Shetland: Ponies and a Hostel



Black & White Pony Chillin’



This is the third article of my series on touring Shetland.

Islesburgh House Hostel is a Great Home Base for Day Tripping

Shetland has a wonderful bus and ferry system with friendly drivers. The buses have routes that take you to many of the archeological and geological sites scattered around the main island. And when ferries are involved, the bus times and routes coordinate well with them. Or, if you just need a ride to the local supermarket, the buses stop at those too. With all this in mind, Islesburgh House Hostel is in a quiet neighborhood which on a bus route and within walking distance the bus station and the town center. Definitely a great choice.

Islesburgh House Hostel

Early arrival? No worries! Check-in Early!

The standard check-in time at hostels is usually 4PM. However, this is no ordinary hostel. For those of us who arrive via overnight ferry at 7:30 in the morning and walk into the hostel lobby around 9 AM, the staff is very accommodating. As long as there is a bed available they will check you in straight away. I, for one, was happy to curl up on my bed and take a nap first thing in the morning.

Joys of Hostel Experience

I love staying in dorm rooms because I get to chat with fellow travelers. We compare notes and share experiences. We make recommendations on what to see and how to get there. Or we may decide to sightsee together. There is always the potential for a lifetime friend but mostly we are ships passing and maybe will cross paths again.

Cappuccino maker

Eating alone is an option. But sometimes I share my meal with others because I made too much. It is a great ice breaker. And others have invited me to join them and share in their bounty. During meal time it is not unusual to take out our maps and plan our schedule for the day. After much discussion we decide if we tour together or agree to meet later in the day. No matter, it is a fun experience.

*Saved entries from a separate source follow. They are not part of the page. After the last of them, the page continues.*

(* Let $G$ be a graph with a valid edge partition, and let $V_1,V_2$ be the associated vertex partition. Suppose that $\sum_{u\in V_i}\deg u$ is odd for $i=1,2$ and that $G$ has an odd number of vertices. Then the number of cycles compatible with the edge partition is odd.
   Context: A spanning 2-forest is a spanning forest with exactly two trees (a tree may be a single vertex). A valid edge partition of a graph is a bipartition of its edge set such that one part is the edge set of a spanning tree and the other part is the edge set of a spanning 2-forest. The associated vertex partition $V_1,V_2$ consists of the vertex sets of the two trees of the 2-forest. A cycle $C$ is compatible with the valid edge partition if all vertices of $C$ lie in the same part of the vertex partition and exactly one edge of $C$ lies in the spanning-tree part. Degrees are taken in $G$. *)

theory Defs
  imports Main
begin

definition simple_graph :: "'a set \<Rightarrow> 'a set set \<Rightarrow> bool" where
  "simple_graph V E \<longleftrightarrow> finite V \<and>
     (\<forall>e\<in>E. \<exists>x y. x \<noteq> y \<and> e = {x, y} \<and> x \<in> V \<and> y \<in> V)"

definition deg :: "'a set set \<Rightarrow> 'a \<Rightarrow> nat" where
  "deg E u = card {e \<in> E. u \<in> e}"

definition cycle_edges :: "'a list \<Rightarrow> 'a set set" where
  "cycle_edges vs = {{vs ! i, vs ! ((i + 1) mod length vs)} | i. i < length vs}"

definition is_cycle :: "'a set set \<Rightarrow> 'a set set \<Rightarrow> bool" where
  "is_cycle E C \<longleftrightarrow> (\<exists>vs. distinct vs \<and> length vs \<ge> 3 \<and> C = cycle_edges vs) \<and> C \<subseteq> E"

definition acyclic_edges :: "'a set set \<Rightarrow> bool" where
  "acyclic_edges F \<longleftrightarrow> \<not> (\<exists>C. is_cycle F C)"

definition edge_rel :: "'a set set \<Rightarrow> ('a \<times> 'a) set" where
  "edge_rel F = {(x, y). {x, y} \<in> F}"

definition connected_on :: "'a set \<Rightarrow> 'a set set \<Rightarrow> bool" where
  "connected_on W F \<longleftrightarrow> (\<forall>u\<in>W. \<forall>v\<in>W. (u, v) \<in> (edge_rel F)\<^sup>*)"

definition spanning_tree :: "'a set \<Rightarrow> 'a set set \<Rightarrow> bool" where
  "spanning_tree V T \<longleftrightarrow> (\<forall>e\<in>T. e \<subseteq> V) \<and> connected_on V T \<and> acyclic_edges T"

definition spanning_2forest :: "'a set \<Rightarrow> 'a set set \<Rightarrow> 'a set \<Rightarrow> 'a set \<Rightarrow> bool" where
  "spanning_2forest V F V1 V2 \<longleftrightarrow>
     V1 \<union> V2 = V \<and> V1 \<inter> V2 = {} \<and> V1 \<noteq> {} \<and> V2 \<noteq> {} \<and>
     (\<forall>e\<in>F. e \<subseteq> V1 \<or> e \<subseteq> V2) \<and>
     connected_on V1 F \<and> connected_on V2 F \<and> acyclic_edges F"

definition valid_edge_partition ::
  "'a set \<Rightarrow> 'a set set \<Rightarrow> 'a set set \<Rightarrow> 'a set set \<Rightarrow> 'a set \<Rightarrow> 'a set \<Rightarrow> bool" where
  "valid_edge_partition V E T F V1 V2 \<longleftrightarrow>
     T \<union> F = E \<and> T \<inter> F = {} \<and> spanning_tree V T \<and> spanning_2forest V F V1 V2"

definition compatible_cycle ::
  "'a set set \<Rightarrow> 'a set set \<Rightarrow> 'a set \<Rightarrow> 'a set \<Rightarrow> 'a set set \<Rightarrow> bool" where
  "compatible_cycle E T V1 V2 C \<longleftrightarrow>
     is_cycle E C \<and> (\<Union>C \<subseteq> V1 \<or> \<Union>C \<subseteq> V2) \<and> card (C \<inter> T) = 1"

end

theory Submission
  imports Defs "HOL-Library.Transitive_Closure_Table"
begin

text \<open>
  The spanning tree \<open>T\<close> has \<open>card V - 1\<close> edges, an even number. The edges of \<open>G\<close>
  between \<open>V1\<close> and \<open>V2\<close> all lie in \<open>T\<close>, since the trees of \<open>F\<close> do not cross, and
  their number has the parity of the degree sum over \<open>V1\<close>, which is odd. Hence an odd
  number of tree edges lie inside \<open>V1\<close> or \<open>V2\<close>. Such an edge closes exactly one cycle
  with the tree of \<open>F\<close> spanning its part, and these fundamental cycles are precisely the
  compatible cycles.
\<close>

section \<open>Reachability along edges\<close>

lemma sym_rtrancl_edge_rel: "sym ((edge_rel G)\<^sup>*)"
  by (rule sym_rtrancl) (auto simp: sym_def edge_rel_def insert_commute)

lemma rtrancl_edge_rel_sym: "(x, y) \<in> (edge_rel G)\<^sup>* \<Longrightarrow> (y, x) \<in> (edge_rel G)\<^sup>*"
  using sym_rtrancl_edge_rel by (metis symD)

lemma rtrancl_edge_rel_mono: "G \<subseteq> H \<Longrightarrow> (edge_rel G)\<^sup>* \<subseteq> (edge_rel H)\<^sup>*"
  by (rule rtrancl_mono) (auto simp: edge_rel_def)

lemma rtrancl_edge_rel_closed:
  assumes "(a, z) \<in> (edge_rel G)\<^sup>*" "a \<in> W" "\<forall>e\<in>G. e \<subseteq> W \<or> e \<inter> W = {}"
  shows "z \<in> W"
  using assms(1,2)
proof (induction rule: rtrancl_induct)
  case (step w z)
  then have "{w, z} \<in> G" "w \<in> W" by (simp_all add: edge_rel_def)
  with assms(3) show ?case by fastforce
qed

lemma rtrancl_edge_rel_insert:
  "(v, w) \<in> (edge_rel (insert {x, y} G))\<^sup>* \<longleftrightarrow>
     (v, w) \<in> (edge_rel G)\<^sup>* \<or>
     (v, x) \<in> (edge_rel G)\<^sup>* \<and> (y, w) \<in> (edge_rel G)\<^sup>* \<or>
     (v, y) \<in> (edge_rel G)\<^sup>* \<and> (x, w) \<in> (edge_rel G)\<^sup>*"
  (is "?lhs \<longleftrightarrow> ?rhs")
proof
  show "?lhs \<Longrightarrow> ?rhs"
  proof (induction rule: rtrancl_induct)
    case (step w z)
    then have "{w, z} = {x, y} \<or> (w, z) \<in> edge_rel G" by (auto simp: edge_rel_def)
    then show ?case
      using step.IH rtrancl_into_rtrancl[of _ w "edge_rel G" z] by (auto simp: doubleton_eq_iff)
  qed simp
next
  let ?S = "(edge_rel (insert {x, y} G))\<^sup>*"
  have sub: "(edge_rel G)\<^sup>* \<subseteq> ?S" by (rule rtrancl_edge_rel_mono) auto
  have "(x, y) \<in> ?S" "(y, x) \<in> ?S" by (auto simp: edge_rel_def insert_commute)
  then show "?rhs \<Longrightarrow> ?lhs"
    using sub by (meson rtrancl_trans subsetD)
qed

Downside of Sleeping in a Dorm Room

For the most part the night noise is minimal. However, there is the occasional snorer. I am guilty of that, usually when I have a cold. I do try hard to not snore and am often successful when I ask my roommates the following morning.

However, there are those memorable nights. For example, on my last day in the Lerwick one woman arrived in the morning complaining how she didn’t sleep a wink on the ferry. She took a nap upon arrival, then wandered out on her own to see the local sights. That night she snored so loudly. She was in the bed next to mine (there were 6 bunks/12 beds in my room) so I took my trekking pole, poked her bed and tried to shake it discretely. That didn’t work, so I tickled her arm with the hand strap of my pole. Nothing made her move. In the morning she boasted how she had the best sleep ever. The rest of us congratulated her, then we laughed amongst ourselves as none of us got any sleep.

Other Concerns?

Hostel life is not for everyone. There is the lack of privacy. But some hostels now offer private rooms, so privacy is possible. What about security? Well, many hostels offer lockers under the bed or next to it to stash your valuables and can be fastened with a luggage lock. Plus the individual rooms lock, as does the front door. Only guests of the hostel have a key to enter the hostel when the front desk is closed.

Hostelling is my preferred accommodation for budget travel. I even carry a tent and sleeping bag with me in case the hostel has no beds available, but do offer camping. The Islesburgh House Hostel rates high on hostels that I would recommend.